Les employeurs qui veulent faire la bonne chose se sentent menottés, leurs options limitées par les réglementations existantes de la Commission pour l’égalité des chances en matière d’emploi (EEOC) qui leur interdisent d’exiger que chaque employé soit vacciné – les employés peuvent refuser s’ils ont un handicap ou une objection religieuse.

Les travailleurs à bas salaire, ainsi que les travailleurs noirs et bruns sont moins susceptibles d’avoir été vaccinés que les travailleurs à salaire plus élevé et les travailleurs blancs – et pour beaucoup, la raison n’est pas «l’hésitation à la vaccination», mais des obstacles structurels pour se faire vacciner, comme une pénurie. des options de transport, des difficultés à manquer de travail pour se faire vacciner, des problèmes de santé, des barrières linguistiques, la peur de devoir payer de sa poche le vaccin et des préoccupations liées au statut juridique, en particulier pour les travailleurs hispaniques.

Le CDC doit travailler avec l’OSHA, l’EEOC, les syndicats et les organisations d’employeurs qui comprennent mieux les lieux de travail que les scientifiques des CDC pour établir des critères permettant d’assouplir les protections dans les lieux de travail à haut risque, en particulier dans les zones où la transmission communautaire reste élevée. L’OSHA devrait alors être habilité à exiger la déclaration des éclosions sur le lieu de travail et, lorsque le risque d’exposition est élevé, et exiger des employeurs qu’ils appliquent une approche en couches de la protection, appelée «hiérarchie des contrôles», lorsque le risque d’exposition est élevé. Cette approche implique de réduire la concentration du virus dans l’air grâce à une meilleure ventilation et filtration, un masquage et une distanciation.

Le CDC a exempté certains lieux de travail à haut risque de ses nouvelles directives, demandant aux exploitants d’établissements de santé, d’établissements pénitentiaires ou de détention et de refuges pour sans-abri de continuer à fournir des masques et d’autres mesures de précaution pour toutes les personnes vaccinées et non vaccinées: employés et membres du public. Les types de lieux de travail où subsistent des mesures de précaution devraient être élargis pour inclure d’autres industries où les travailleurs restent à haut risque. Contrairement au grand public qui peut passer 20 minutes dans une épicerie ou dans un bus, ou une heure dans un restaurant, de nombreux travailleurs passent 8 à 12 heures par jour au travail avec des contacts étroits fréquents ou prolongés entre eux ou avec le public en mauvais état. des environnements intérieurs ventilés ou des espaces clos, comme les usines de transformation de la viande où les employés travaillent coude à coude; les magasins de détail où les travailleurs ont des heures de contact avec le public; et des usines et des entrepôts où un grand nombre de travailleurs se rassemblent à l’intérieur.

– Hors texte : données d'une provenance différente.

(* Let $\Omega\subseteq\mathbb{R}^n$ be bounded and measurable, $Y$ a Hilbert space, $S:L^2(\Omega)\to Y$ linear and continuous, $z\in Y$, $u_a,u_b\in L^\infty(\Omega)$, $u_a\le u_b$, $U_{\mathrm{ad}}=\{u\in L^2(\Omega):u_a\le u\le u_b\text{ a.e.}\}$, and let $(S_h)_h$, $\delta$ be as in the context. Let $u^\dagger$ be a solution of $\min_{u\in U_{\mathrm{ad}}}\frac12\|Su-z\|_Y^2$ such that there exists $w\in Y$ with $u^\dagger=P_{U_{\mathrm{ad}}}(S^\ast w)$. Let $(\varepsilon_k)_k$ be positive reals with $\sum_{i=1}^\infty R_i<\infty$, where $R_i:=\frac{\varepsilon_i}{\alpha_i}+\frac{\varepsilon_i^2}{\alpha_i^2}+\frac{\gamma_{i-1}\varepsilon_i}{\alpha_i}+\frac{\varepsilon_i^2}{\alpha_i}$. Let $h_{\max}>0$, and for each $h$ let $(u_k^{\mathrm{in}})_k$ be generated by the inexact Bregman algorithm of the context. Then there exists a constant $C$ such that for every $0<h\le h_{\max}$ there exists a stopping index $k(h)$ with \[\sum_{i=1}^{k(h)}H_i\le C<\infty,\qquad H_i:=\delta(h)\Big[\frac{\rho_i}{\alpha_i}+\frac{\gamma_{i-1}}{\alpha_i}+\frac{\gamma_{i-1}\rho_i}{\alpha_i}\Big]+\delta(h)^2\Big[\frac{\rho_i^2}{\alpha_i^2}+\frac{\rho_i^2}{\alpha_i}\Big],\] and $k(h)\to\infty$ as $h\to0$. Furthermore $u_{k(h)}^{\mathrm{in}}\to u^\dagger$ in $L^2(\Omega)$ as $h\to0$.
   Context: $\|\cdot\|$: $L^2(\Omega)$ norm; $P_{U_{\mathrm{ad}}}$: $L^2$-projection onto $U_{\mathrm{ad}}$. For each $h>0$, $S_h:L^2(\Omega)\to Y$ is linear continuous with finite-dimensional range, and there is a continuous, monotonically increasing $\delta:\mathbb{R}^+\to\mathbb{R}^+$, $\delta(0)=0$, with $\|(S-S_h)u_h\|_Y+\|(S^\ast-S_h^\ast)(S_hu_h-z)\|\le\delta(h)$ for all $h\ge0$, $u_h\in U_{\mathrm{ad}}$. $(\alpha_k)_k$ is a bounded sequence of positive reals, $\gamma_k:=\sum_{j=1}^k\alpha_j^{-1}$ ($\gamma_0=0$), $\rho_k:=\sqrt{\alpha_k^{-1}(1+\alpha_k^{-1})}$. $\mathcal B(\alpha,\lambda,u):=(1+\frac1\alpha)\|u-P_{U_{\mathrm{ad}}}(\frac1\alpha S_h^\ast(z-S_hu)+\lambda)\|$. Inexact Bregman algorithm: $u_0^{\mathrm{in}}=P_{U_{\mathrm{ad}}}(0)$, $\lambda_0^{\mathrm{in}}=0$; for $k\ge1$ find $u_k^{\mathrm{in}}\in U_{\mathrm{ad}}$ with $\mathcal B(\alpha_k,\lambda_{k-1}^{\mathrm{in}},u_k^{\mathrm{in}})\le\varepsilon_k$, then set $\lambda_k^{\mathrm{in}}=\sum_{i=1}^k\frac1{\alpha_i}S_h^\ast(z-S_hu_i^{\mathrm{in}})$. *)

theory Defs
  imports "HOL-Analysis.Analysis"
begin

Enfin, des points de repère doivent être établis pour déterminer quand il est sûr et approprié d’abandonner les mesures d’atténuation à mesure que les infections diminuent et que les vaccinations augmentent dans les communautés. Les mesures resteraient dans les lieux de travail avec des flambées actives de COVID-19, dans des endroits où la transmission communautaire du COVID-19 est élevée, ou dans des lieux de travail où tous les travailleurs ne sont pas entièrement vaccinés.

Le CDC a fait une erreur. Les agences de santé publique doivent suivre la science pour protéger les populations, pas seulement les individus. Mais il n’est pas trop tard pour corriger cette erreur et remettre les efforts de lutte contre la pandémie sur les rails.